• [ABOUT THIS TASK] Print every line below that comes at or after the line containing "Paper index i", exactly as written.

Collected data
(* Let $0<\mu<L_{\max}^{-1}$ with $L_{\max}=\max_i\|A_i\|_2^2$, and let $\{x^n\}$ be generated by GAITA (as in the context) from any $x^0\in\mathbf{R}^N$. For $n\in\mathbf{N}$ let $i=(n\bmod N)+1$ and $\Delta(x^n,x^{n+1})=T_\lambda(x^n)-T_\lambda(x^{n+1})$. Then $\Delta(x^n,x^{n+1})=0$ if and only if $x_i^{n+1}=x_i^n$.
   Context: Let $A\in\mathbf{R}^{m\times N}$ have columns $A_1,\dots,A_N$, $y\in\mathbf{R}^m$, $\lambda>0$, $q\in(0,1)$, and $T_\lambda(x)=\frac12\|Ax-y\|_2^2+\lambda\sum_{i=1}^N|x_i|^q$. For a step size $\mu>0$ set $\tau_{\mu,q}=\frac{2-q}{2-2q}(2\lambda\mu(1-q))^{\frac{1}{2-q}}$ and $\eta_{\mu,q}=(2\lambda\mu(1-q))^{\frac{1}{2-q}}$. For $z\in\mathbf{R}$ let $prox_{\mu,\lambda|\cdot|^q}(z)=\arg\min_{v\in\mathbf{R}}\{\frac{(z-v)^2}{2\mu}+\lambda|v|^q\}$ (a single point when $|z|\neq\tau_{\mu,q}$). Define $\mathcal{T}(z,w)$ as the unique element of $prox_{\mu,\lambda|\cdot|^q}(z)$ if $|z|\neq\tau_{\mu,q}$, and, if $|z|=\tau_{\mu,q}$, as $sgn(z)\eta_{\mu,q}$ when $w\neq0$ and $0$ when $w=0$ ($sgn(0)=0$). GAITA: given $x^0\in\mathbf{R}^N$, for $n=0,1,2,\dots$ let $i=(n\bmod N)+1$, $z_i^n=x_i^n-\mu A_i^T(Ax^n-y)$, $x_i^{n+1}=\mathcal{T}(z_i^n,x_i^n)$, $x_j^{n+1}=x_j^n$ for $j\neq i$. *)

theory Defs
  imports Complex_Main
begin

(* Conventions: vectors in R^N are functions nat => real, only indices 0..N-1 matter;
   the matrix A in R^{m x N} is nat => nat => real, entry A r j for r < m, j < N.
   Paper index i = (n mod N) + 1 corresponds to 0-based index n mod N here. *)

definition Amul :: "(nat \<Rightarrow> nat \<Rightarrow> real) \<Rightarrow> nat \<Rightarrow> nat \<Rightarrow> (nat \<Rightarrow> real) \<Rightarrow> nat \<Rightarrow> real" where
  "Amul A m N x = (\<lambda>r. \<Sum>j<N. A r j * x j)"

• [OUTPUT BELOW]
   Paper index i = (n mod N) + 1 corresponds to 0-based index n mod N here. *)

definition Amul :: "(nat \<Rightarrow> nat \<Rightarrow> real) \<Rightarrow> nat \<Rightarrow> nat \<Rightarrow> (nat \<Rightarrow> real) \<Rightarrow> nat \<Rightarrow> real" where
  "Amul A m N x = (\<lambda>r. \<Sum>j<N. A r j * x j)"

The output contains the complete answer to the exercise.